definition windows :: "nat \<Rightarrow> 'a::linorder set \<Rightarrow> 'a set set" where
  "windows t S = {W. card W = t \<and> convex_in W S}"

lemma windows_subset_Pow: "windows t S \<subseteq> Pow S"
  by (auto simp: windows_def convex_in_def)

lemma finite_windows: "finite S \<Longrightarrow> finite (windows t S)"
  using finite_subset[OF windows_subset_Pow] by blast

lemma windowD:
  assumes "W \<in> windows t S" and "0 < t"
  shows "finite W" "W \<noteq> {}" "W \<subseteq> S" "card W = t"
  using assms by (auto simp: windows_def convex_in_def card_gt_0_iff)

lemma window_mem_if_between:
  assumes "W \<in> windows t S" "s \<in> S" "u \<in> W" "v \<in> W" "u \<le> s" "s \<le> v"
  shows "s \<in> W"
  using assms by (auto simp: windows_def convex_in_def)

lemma windows_mono_convex:
  assumes "convex_in S T" shows "windows t S \<subseteq> windows t T"
proof
  fix W assume "W \<in> windows t S"
  then have W: "convex_in W S" "card W = t" by (auto simp: windows_def)
  have between: "s \<in> W" if "s \<in> T" "u \<in> W" "v \<in> W" "u \<le> s" "s \<le> v" for s u v
  proof -
    have "s \<in> S" using assms W(1) that unfolding convex_in_def by (meson subsetD)
    then show ?thesis using W(1) that unfolding convex_in_def by blast
  qed
  have "W \<subseteq> S" "S \<subseteq> T" using W(1) assms unfolding convex_in_def by simp_all
  with between have "convex_in W T" unfolding convex_in_def by blast
  with W(2) show "W \<in> windows t T" by (simp add: windows_def)
qed

lemma window_subset_if_Min_eq:
  assumes "0 < t" "W1 \<in> windows t S" "W2 \<in> windows t S"
    and "Min W1 = Min W2" "Max W1 \<le> Max W2"
  shows "W1 \<subseteq> W2"
proof
  fix x assume x: "x \<in> W1"
  note W1 = windowD[OF assms(2,1)] and W2 = windowD[OF assms(3,1)]
  have "x \<in> S" using x W1(3) by blast
  moreover have "Min W2 \<in> W2" "Max W2 \<in> W2" using W2(1,2) by simp_all
  moreover have "Min W2 \<le> x" using Min_le[OF W1(1) x] assms(4) by simp
  moreover have "x \<le> Max W2" using Max_ge[OF W1(1) x] assms(5) by (rule order_trans)
  ultimately show "x \<in> W2" by (rule window_mem_if_between[OF assms(3)])
qed

lemma inj_on_Min_windows:
  assumes "0 < t" shows "inj_on Min (windows t S)"
proof (rule inj_onI)
  fix W1 W2 assume W: "W1 \<in> windows t S" "W2 \<in> windows t S" "Min W1 = Min W2"
  have card: "card W1 = card W2" and fin: "finite W1" "finite W2"
    using windowD[OF W(1) assms] windowD[OF W(2) assms] by auto
  show "W1 = W2"
  proof (cases "Max W1 \<le> Max W2")
    case True
    with window_subset_if_Min_eq[OF assms W] show ?thesis
      using card_subset_eq[OF fin(2) _ card] by blast
  next
    case False
    with window_subset_if_Min_eq[OF assms W(2,1) W(3)[symmetric]] show ?thesis
      using card_subset_eq[OF fin(1) _ card[symmetric]] by simp
  qed
qed

lemma card_windows_le:
  assumes "finite S" "0 < t" shows "card (windows t S) \<le> card S"
proof (rule card_inj_on_le[OF inj_on_Min_windows[OF assms(2)] _ assms(1)])
  show "Min ` windows t S \<subseteq> S"
  proof
    fix m assume "m \<in> Min ` windows t S"
    then obtain W where "W \<in> windows t S" "m = Min W" by blast
    with windowD[OF this(1) assms(2)] show "m \<in> S" by (metis Min_in subsetD)
  qed
qed

text \<open>A window whose span contains c starts at some u with at most t elements of S in [u, c].\<close>

lemma card_windows_spanning_le:
  assumes "finite S" "0 < t"
  shows "card {W \<in> windows t S. Min W \<le> c \<and> c \<le> Max W} \<le> t"
proof -
  let ?U = "{u \<in> S. u \<le> c \<and> card (S \<inter> {u..c}) \<le> t}"
  have "card ?U \<le> t"
  proof (cases "?U = {}")
    case False
    then have "Min ?U \<in> ?U" using assms(1) by (intro Min_in) auto
    moreover have "?U \<subseteq> S \<inter> {Min ?U..c}" using assms(1) by (auto intro: Min_le)
    then have "card ?U \<le> card (S \<inter> {Min ?U..c})" using assms(1) by (intro card_mono) auto
    ultimately show ?thesis by simp
  qed (simp only: card.empty)
  moreover have "Min ` {W \<in> windows t S. Min W \<le> c \<and> c \<le> Max W} \<subseteq> ?U"
  proof
    fix m assume "m \<in> Min ` {W \<in> windows t S. Min W \<le> c \<and> c \<le> Max W}"
    then obtain W where W: "W \<in> windows t S" "Min W \<le> c" "c \<le> Max W" and m: "m = Min W"
      by blast
    note W_facts = windowD[OF W(1) assms(2)]
    have "S \<inter> {Min W..c} \<subseteq> W"
    proof
      fix s assume s: "s \<in> S \<inter> {Min W..c}"
      have "Min W \<in> W" "Max W \<in> W" using W_facts(1,2) by simp_all
      moreover have "s \<le> Max W" using s W(3) order_trans by auto
      ultimately show "s \<in> W"
        using s window_mem_if_between[OF W(1)] by simp
    qed
    then have "card (S \<inter> {Min W..c}) \<le> t"
      using card_mono[OF W_facts(1)] W_facts(4) by simp
    moreover have "Min W \<in> S" using W_facts by (metis Min_in subsetD)
    ultimately show "m \<in> ?U" using W(2) m by simp
  qed
  then have "card {W \<in> windows t S. Min W \<le> c \<and> c \<le> Max W} \<le> card ?U"
    using assms(1) by (intro card_inj_on_le[OF inj_on_subset[OF inj_on_Min_windows[OF assms(2)]]]) auto
  ultimately show ?thesis by simp
qed

lemma ex_upper_set_card:
  fixes S :: "'a::linorder set"
  assumes "finite S" "0 < t" "t \<le> card S"
  shows "\<exists>c. card {s \<in> S. c \<le> s} = t"
  using assms
proof (induction S arbitrary: t rule: finite_linorder_max_induct)
  case (insert b S)
  have b_notin: "b \<notin> S" using insert.hyps(2) by blast
  show ?case
  proof (cases "t = 1")
    case True
    have "{s \<in> insert b S. b \<le> s} = {b}" using insert.hyps(2) by force
    then have "card {s \<in> insert b S. b \<le> s} = t" using True by simp
    then show ?thesis ..
  next
    case False
    then have "0 < t - 1" "t - 1 \<le> card S"
      using insert.prems insert.hyps(1) b_notin by auto
    then obtain c where c: "card {s \<in> S. c \<le> s} = t - 1" using insert.IH by blast
    then have "{s \<in> S. c \<le> s} \<noteq> {}" using \<open>0 < t - 1\<close> by (metis card.empty less_irrefl)
    then obtain s where "s \<in> S" "c \<le> s" by blast
    then have "c \<le> b" using insert.hyps(2) by (meson less_imp_le order_trans)
    then have "{s \<in> insert b S. c \<le> s} = insert b {s \<in> S. c \<le> s}" by auto
    then have "card {s \<in> insert b S. c \<le> s} = t"
      using c insert.hyps(1) b_notin \<open>0 < t - 1\<close> by simp
    then show ?thesis ..
  qed
qed simp

lemma card_le_card_windows:
  fixes S :: "'a::linorder set"
  assumes "finite S" "0 < t"
  shows "card S \<le> (t - 1) + card (windows t S)"
  using assms
proof (induction S rule: finite_linorder_max_induct)
  case (insert b S)
  have b_notin: "b \<notin> S" using insert.hyps(2) by blast
  show ?case
  proof (cases "card (insert b S) \<le> t - 1")
    case False
    then have "t \<le> card (insert b S)" by linarith
    then obtain c where c: "card {s \<in> insert b S. c \<le> s} = t"
      using ex_upper_set_card[of "insert b S" t] insert.hyps(1) insert.prems by auto
    let ?top = "{s \<in> insert b S. c \<le> s}"
    have "?top \<noteq> {}" using c insert.prems by (metis card.empty less_irrefl)
    then have "c \<le> b" using insert.hyps(2) by (auto intro: less_imp_le order_trans)
    have "convex_in ?top (insert b S)"
      unfolding convex_in_def by (blast intro: order_trans)
    with c have "?top \<in> windows t (insert b S)" by (simp add: windows_def)
    moreover have "?top \<notin> windows t S"
      using \<open>c \<le> b\<close> b_notin windows_subset_Pow by blast
    moreover have "convex_in S (insert b S)"
      using insert.hyps(2) unfolding convex_in_def by (auto simp: not_le[symmetric])
    then have "windows t S \<subseteq> windows t (insert b S)" by (rule windows_mono_convex)
    ultimately have "Suc (card (windows t S)) \<le> card (windows t (insert b S))"
      using finite_windows[of "insert b S"] insert.hyps(1)
      by (metis card_insert_disjoint card_mono finite_insert finite_windows insert_subset)
    then show ?thesis using insert.IH insert.prems insert.hyps(1) b_notin by simp
  qed simp
qed simp

definition stabbed :: "'a set \<Rightarrow> ('a \<Rightarrow> nat) \<Rightarrow> ('a \<Rightarrow> nat) \<Rightarrow> nat \<Rightarrow> 'a set" where
  "stabbed I L R x = {i \<in> I. L i \<le> x \<and> x \<le> R i}"

text \<open>Look at the least x at which W is a window. Unless x = 0, passing from x - 1 to x either
  added some w \<in> W, so L w = x, or removed some s lying between two elements of W, so R s = x - 1.\<close>

lemma window_stabbed_cases:
  fixes I :: "'a::linorder set"
  assumes "0 < t" and W: "W \<in> windows t (stabbed I L R x)"
  obtains "W \<in> windows t (stabbed I L R 0)"
  | w where "w \<in> I" "W \<in> windows t (stabbed I L R (L w))" "Min W \<le> w" "w \<le> Max W"
  | s where "s \<in> I" "W \<in> windows t (stabbed I L R (Suc (R s)))" "Min W \<le> s" "s \<le> Max W"
proof -
  define x0 where "x0 = (LEAST x. W \<in> windows t (stabbed I L R x))"
  have W0: "W \<in> windows t (stabbed I L R x0)"
    unfolding x0_def by (rule LeastI[of _ x]) (rule W)
  note W0_facts = windowD[OF W0 assms(1)]
  have conv: "convex_in W (stabbed I L R x0)" using W0 by (simp add: windows_def)
  have span: "Min W \<le> z" "z \<le> Max W" if "z \<in> W" for z
    using W0_facts(1) that by simp_all
  show thesis
  proof (cases x0)
    case 0
    with W0 show thesis using that(1) by simp
  next
    case (Suc y)
    then have "W \<notin> windows t (stabbed I L R y)"
      using not_less_Least[of y "\<lambda>x. W \<in> windows t (stabbed I L R x)"] x0_def by auto
    then have "\<not> convex_in W (stabbed I L R y)" using W0_facts(4) by (simp add: windows_def)
    then consider (entered) w where "w \<in> W" "w \<notin> stabbed I L R y"
      | (left) s u v where "s \<in> stabbed I L R y" "u \<in> W" "v \<in> W" "u \<le> s" "s \<le> v" "s \<notin> W"
      unfolding convex_in_def by blast
    then show thesis
    proof cases
      case entered
      then have "w \<in> stabbed I L R x0" using conv by (auto simp: convex_in_def)
      with entered Suc have "w \<in> I" "L w = x0" by (auto simp: stabbed_def)
      with W0 span[OF entered(1)] show thesis using that(2) by simp
    next
      case left
      then have "s \<notin> stabbed I L R x0" using conv unfolding convex_in_def by blast
      with left Suc have "s \<in> I" "Suc (R s) = x0" by (auto simp: stabbed_def)
      moreover have "Min W \<le> s" "s \<le> Max W"
        using span[OF left(2)] span[OF left(3)] left(4,5) by (blast intro: order_trans)+
      ultimately show thesis using W0 that(3) by simp
    qed
  qed
qed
########
*GOAL OF THE EXERCISE*
Tell how many lines of the material above contain the word "noteq", giving only the number.

*PROBLEM SOLUTION*
3